ACTION ITEM
Repeat word for word every line of the data below, from the first through the line containing "(\<Sum>j<n. \<Sum>k<n. \<Sum>l<n.", and stop there.

SUPPLIED MATERIAL
lemma psd_gram_factorization:
  assumes "psd n G"
  shows "\<exists>c. \<forall>j<n. \<forall>k<n. G j k = (\<Sum>l<n. c j l * c k l)"
  using assms
proof (induction n arbitrary: G)
  case 0
  then show ?case by simp
next
  case (Suc n)
  note G = Suc.prems
  define g where "g = G n n"
  have g: "0 \<le> g"
    unfolding g_def by (rule psd_diag_nonneg[OF G]) simp
  have zero: "G j n = 0" if "g = 0" "j < n" for j
    using psd_diag_zero_imp_zero[OF G, of j n] that by (simp add: g_def)
  obtain c' where c': "\<And>j k. j < n \<Longrightarrow> k < n \<Longrightarrow> G j k - G j n * G k n / g = (\<Sum>l<n. c' j l * c' k l)"
    using Suc.IH[OF psd_schur_complement[OF G]] unfolding g_def by blast
  \<comment> \<open>For \<open>g = 0\<close> the division by \<open>sqrt g\<close> yields 0, which is right since column \<open>n\<close>
    of \<open>G\<close> vanishes.\<close>
  define c where "c j l =
    (if l < n then (if j < n then c' j l else 0) else if j < n then G j n / sqrt g else sqrt g)" for j l
  have "G j k = (\<Sum>l<Suc n. c j l * c k l)" if j: "j < Suc n" and k: "k < Suc n" for j k
  proof -
    consider "j < n" "k < n" | "j < n" "k = n" | "j = n" "k < n" | "j = n" "k = n"
      using j k by linarith
    then show ?thesis
    proof cases
      case 1
      then show ?thesis
        using c'[OF 1] g zero by (cases "g = 0") (auto simp: c_def real_sqrt_mult[symmetric])
    next
      case 2
      then show ?thesis
        using g zero by (cases "g = 0") (auto simp: c_def)
    next
      case 3
      then show ?thesis
        using g zero psd_commute[OF G, of n k] by (cases "g = 0") (auto simp: c_def)
    next
      case 4
      then show ?thesis
        using g by (simp add: c_def g_def)
    qed
  qed
  then show ?case by blast
qed

lemma psd_mult:
  assumes A: "psd n A" and B: "psd n B"
  shows "psd n (\<lambda>j k. A j k * B j k)"
proof (rule psdI)
  fix j k assume "j < n" "k < n"
  then show "A j k * B j k = A k j * B k j"
    using psd_commute[OF A] psd_commute[OF B] by simp
next
  fix x :: "nat \<Rightarrow> real"
  obtain c where c: "\<And>j k. j < n \<Longrightarrow> k < n \<Longrightarrow> B j k = (\<Sum>l<n. c j l * c k l)"
    using psd_gram_factorization[OF B] by blast
  have "quad_form n (\<lambda>j k. A j k * B j k) x =
      (\<Sum>j<n. \<Sum>k<n. \<Sum>l<n. (x j * c j l) * (x k * c k l) * A j k)"
    unfolding quad_form_def
    by (intro sum.cong refl) (simp add: c sum_distrib_left mult_ac)
  also have "\<dots> = (\<Sum>l<n. quad_form n A (\<lambda>j. x j * c j l))"
    unfolding quad_form_def by (subst sum.swap, rule sum.cong[OF refl], rule sum.swap)
  also have "\<dots> \<ge> 0"
    by (intro sum_nonneg psd_quad_form_nonneg[OF A])
  finally show "0 \<le> quad_form n (\<lambda>j k. A j k * B j k) x" .
qed

lemma psd_add: "psd n A \<Longrightarrow> psd n B \<Longrightarrow> psd n (\<lambda>j k. A j k + B j k)"
  unfolding psd_def quad_form_def by (auto simp: algebra_simps sum.distrib intro!: add_nonneg_nonneg)

lemma psd_scale: "psd n A \<Longrightarrow> 0 \<le> a \<Longrightarrow> psd n (\<lambda>j k. a * A j k)"
  unfolding psd_def quad_form_def
  by (auto simp: sum_distrib_left[symmetric] mult.left_commute[of _ a] intro!: mult_nonneg_nonneg)

lemma psd_const: "0 \<le> a \<Longrightarrow> psd n (\<lambda>j k. a)"
proof (rule psdI)
  fix x assume "0 \<le> a"
  moreover have "quad_form n (\<lambda>j k. a) x = a * (\<Sum>j<n. x j)\<^sup>2"
    unfolding quad_form_def by (simp add: power2_eq_square sum_product sum_distrib_left algebra_simps)
  ultimately show "0 \<le> quad_form n (\<lambda>j k. a) x" by simp
qed simp

lemma psd_prod:
  fixes d :: nat
  assumes "\<And>i. i < d \<Longrightarrow> psd n (A i)"
  shows "psd n (\<lambda>j k. \<Prod>i<d. A i j k)"
  using assms
proof (induction d)
  case 0
  then show ?case using psd_const[of 1 n] by simp
next
  case (Suc d)
  then have "psd n (\<lambda>j k. (\<Prod>i<d. A i j k) * A d j k)"
    by (intro psd_mult) auto
  then show ?case by simp
qed
text \<open>
  Mapping the upper half-plane to the hyperboloid model and projecting radially to the plane
  (the Beltrami--Klein model) gives an injective map under which every geodesic segment becomes a
  straight segment. Convex sets and convex hulls therefore correspond to Euclidean ones, and drop
  completeness of \<open>\<bbbH>\<^sup>2\<close> is inherited from the identity
  \<open>conv ({x\<^sub>0} \<union> K) = (\<Union>x\<in>K. [x\<^sub>0, x])\<close> for convex \<open>K\<close> in a real vector space.

  In \<open>\<bbbH>\<^sup>2 \<times> \<real>\<close> take \<open>K = [p, q] \<times> {0}\<close> and \<open>x\<^sub>0 = (i, 1)\<close>, with \<open>p, q\<close> symmetric
  about the imaginary axis. The midpoints of \<open>[x\<^sub>0, (p, 0)]\<close> and \<open>[x\<^sub>0, (q, 0)]\<close> have height
  \<open>1/2\<close>, hence so does the midpoint \<open>m\<close> of the segment joining them, and \<open>m\<close> lies in
  \<open>conv ({x\<^sub>0} \<union> K)\<close>. A point of height \<open>1/2\<close> on a segment \<open>[x\<^sub>0, (a, 0)]\<close> is the
  hyperbolic midpoint of \<open>i\<close> and \<open>a\<close>, lifted to height \<open>1/2\<close>. In the hyperboloid model midpoints
  are normalised sums, and a short computation shows that for \<open>a \<in> [p, q]\<close> this never equals
  \<open>m\<close>.
\<close>

section \<open>Minkowski space and the hyperboloid model\<close>

text \<open>Minkowski space \<open>\<real>\<^sup>1\<^sup>,\<^sup>2\<close> is modelled as \<open>\<real> \<times> \<complex>\<close>: a time coordinate and a spatial plane.\<close>

definition mink :: "real \<times> complex \<Rightarrow> real \<times> complex \<Rightarrow> real" where
  "mink x y = fst x * fst y - snd x \<bullet> snd y"

lemma mink_commute: "mink x y = mink y x"
  by (simp add: mink_def inner_commute mult.commute)

lemma mink_add_left [simp]: "mink (x + y) z = mink x z + mink y z"
  and mink_add_right [simp]: "mink z (x + y) = mink z x + mink z y"
  and mink_diff_left [simp]: "mink (x - y) z = mink x z - mink y z"
  and mink_diff_right [simp]: "mink z (x - y) = mink z x - mink z y"
  and mink_scaleR_left [simp]: "mink (c *\<^sub>R x) z = c * mink x z"
  and mink_scaleR_right [simp]: "mink z (c *\<^sub>R x) = c * mink z x"
  by (simp_all add: mink_def inner_add_left inner_add_right inner_diff_left inner_diff_right algebra_simps)

definition hyperboloid :: "(real \<times> complex) set" where
  "hyperboloid = {x. mink x x = 1 \<and> fst x > 0}"

lemma null_orthogonal_to_hyperboloid_eq_0:
  assumes A: "A \<in> hyperboloid" and wA: "mink w A = 0" and ww: "mink w w = 0"
  shows "w = 0"
proof -
  have A1: "fst A ^ 2 = 1 + norm (snd A) ^ 2"
    using A by (auto simp: hyperboloid_def mink_def dot_square_norm power2_eq_square)
  have w1: "fst w * fst A = snd w \<bullet> snd A" and w2: "fst w ^ 2 = norm (snd w) ^ 2"
    using wA ww by (auto simp: mink_def dot_square_norm power2_eq_square)
  have "(fst w * fst A) ^ 2 \<le> (norm (snd w) * norm (snd A)) ^ 2"
    unfolding w1 using Cauchy_Schwarz_ineq2 by (metis abs_ge_zero power2_abs power_mono)
  also have "\<dots> = fst w ^ 2 * (fst A ^ 2 - 1)"
    by (simp add: A1 w2 power_mult_distrib)
  finally have "fst w ^ 2 = 0"
    by (simp add: power_mult_distrib algebra_simps)
  then show ?thesis
    using w2 by (simp add: prod_eq_iff)
qed

text \<open>The isometry of the upper half-plane onto the upper sheet of the hyperboloid.\<close>

definition hyperboloid_of :: "complex \<Rightarrow> real \<times> complex" where
  "hyperboloid_of z =
     ((cmod z ^ 2 + 1) / (2 * Im z), Complex ((cmod z ^ 2 - 1) / (2 * Im z)) (Re z / Im z))"

definition halfplane_of :: "real \<times> complex \<Rightarrow> complex" where
  "halfplane_of x = Complex (Im (snd x) / (fst x - Re (snd x))) (1 / (fst x - Re (snd x)))"

lemma mink_hyperboloid_of:
  assumes "z \<in> H2" "w \<in> H2"
  shows "mink (hyperboloid_of z) (hyperboloid_of w) = 1 + (cmod (z - w))\<^sup>2 / (2 * Im z * Im w)"
proof -
  have "Im z > 0" "Im w > 0"
    using assms by (auto simp: H2_def)
  then show ?thesis
    unfolding mink_def hyperboloid_of_def cmod_power2 inner_complex_def
    by (simp add: field_simps) (simp add: algebra_simps power2_eq_square)
qed

lemma cosh_hdist: "z \<in> H2 \<Longrightarrow> w \<in> H2 \<Longrightarrow> cosh (hdist z w) = mink (hyperboloid_of z) (hyperboloid_of w)"
  by (simp add: hdist_def mink_hyperboloid_of H2_def)

lemma hdist_eq_arcosh: "z \<in> H2 \<Longrightarrow> w \<in> H2 \<Longrightarrow> hdist z w = arcosh (mink (hyperboloid_of z) (hyperboloid_of w))"
  by (simp add: hdist_def mink_hyperboloid_of)

lemma hyperboloid_of_in_hyperboloid:
  assumes "z \<in> H2" shows "hyperboloid_of z \<in> hyperboloid"
  using mink_hyperboloid_of[OF assms assms] assms
  by (auto simp: hyperboloid_def H2_def hyperboloid_of_def intro!: divide_pos_pos add_nonneg_pos)

lemma hyperboloid_Re_less_fst:
  assumes "x \<in> hyperboloid" shows "Re (snd x) < fst x"
proof -
  have "fst x ^ 2 = 1 + Re (snd x) ^ 2 + Im (snd x) ^ 2" "fst x > 0"
    using assms by (auto simp: hyperboloid_def mink_def inner_complex_def power2_eq_square)
  then have "\<bar>Re (snd x)\<bar> ^ 2 < fst x ^ 2"
    by (simp add: add_pos_nonneg)
  then show ?thesis
    using \<open>fst x > 0\<close> power2_less_imp_less by fastforce
qed

lemma halfplane_of_in_H2: "x \<in> hyperboloid \<Longrightarrow> halfplane_of x \<in> H2"
  using hyperboloid_Re_less_fst by (simp add: halfplane_of_def H2_def)

lemma halfplane_of_hyperboloid_of [simp]: "z \<in> H2 \<Longrightarrow> halfplane_of (hyperboloid_of z) = z"
  by (simp add: hyperboloid_of_def halfplane_of_def H2_def complex_eq_iff cmod_power2
      field_simps power2_eq_square)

EXERCISE RESULT
lemma psd_gram_factorization:
  assumes "psd n G"
  shows "\<exists>c. \<forall>j<n. \<forall>k<n. G j k = (\<Sum>l<n. c j l * c k l)"
  using assms
proof (induction n arbitrary: G)
  case 0
  then show ?case by simp
next
  case (Suc n)
  note G = Suc.prems
  define g where "g = G n n"
  have g: "0 \<le> g"
    unfolding g_def by (rule psd_diag_nonneg[OF G]) simp
  have zero: "G j n = 0" if "g = 0" "j < n" for j
    using psd_diag_zero_imp_zero[OF G, of j n] that by (simp add: g_def)
  obtain c' where c': "\<And>j k. j < n \<Longrightarrow> k < n \<Longrightarrow> G j k - G j n * G k n / g = (\<Sum>l<n. c' j l * c' k l)"
    using Suc.IH[OF psd_schur_complement[OF G]] unfolding g_def by blast
  \<comment> \<open>For \<open>g = 0\<close> the division by \<open>sqrt g\<close> yields 0, which is right since column \<open>n\<close>
    of \<open>G\<close> vanishes.\<close>
  define c where "c j l =
    (if l < n then (if j < n then c' j l else 0) else if j < n then G j n / sqrt g else sqrt g)" for j l
  have "G j k = (\<Sum>l<Suc n. c j l * c k l)" if j: "j < Suc n" and k: "k < Suc n" for j k
  proof -
    consider "j < n" "k < n" | "j < n" "k = n" | "j = n" "k < n" | "j = n" "k = n"
      using j k by linarith
    then show ?thesis
    proof cases
      case 1
      then show ?thesis
        using c'[OF 1] g zero by (cases "g = 0") (auto simp: c_def real_sqrt_mult[symmetric])
    next
      case 2
      then show ?thesis
        using g zero by (cases "g = 0") (auto simp: c_def)
    next
      case 3
      then show ?thesis
        using g zero psd_commute[OF G, of n k] by (cases "g = 0") (auto simp: c_def)
    next
      case 4
      then show ?thesis
        using g by (simp add: c_def g_def)
    qed
  qed
  then show ?case by blast
qed

lemma psd_mult:
  assumes A: "psd n A" and B: "psd n B"
  shows "psd n (\<lambda>j k. A j k * B j k)"
proof (rule psdI)
  fix j k assume "j < n" "k < n"
  then show "A j k * B j k = A k j * B k j"
    using psd_commute[OF A] psd_commute[OF B] by simp
next
  fix x :: "nat \<Rightarrow> real"
  obtain c where c: "\<And>j k. j < n \<Longrightarrow> k < n \<Longrightarrow> B j k = (\<Sum>l<n. c j l * c k l)"
    using psd_gram_factorization[OF B] by blast
  have "quad_form n (\<lambda>j k. A j k * B j k) x =
      (\<Sum>j<n. \<Sum>k<n. \<Sum>l<n. (x j * c j l) * (x k * c k l) * A j k)"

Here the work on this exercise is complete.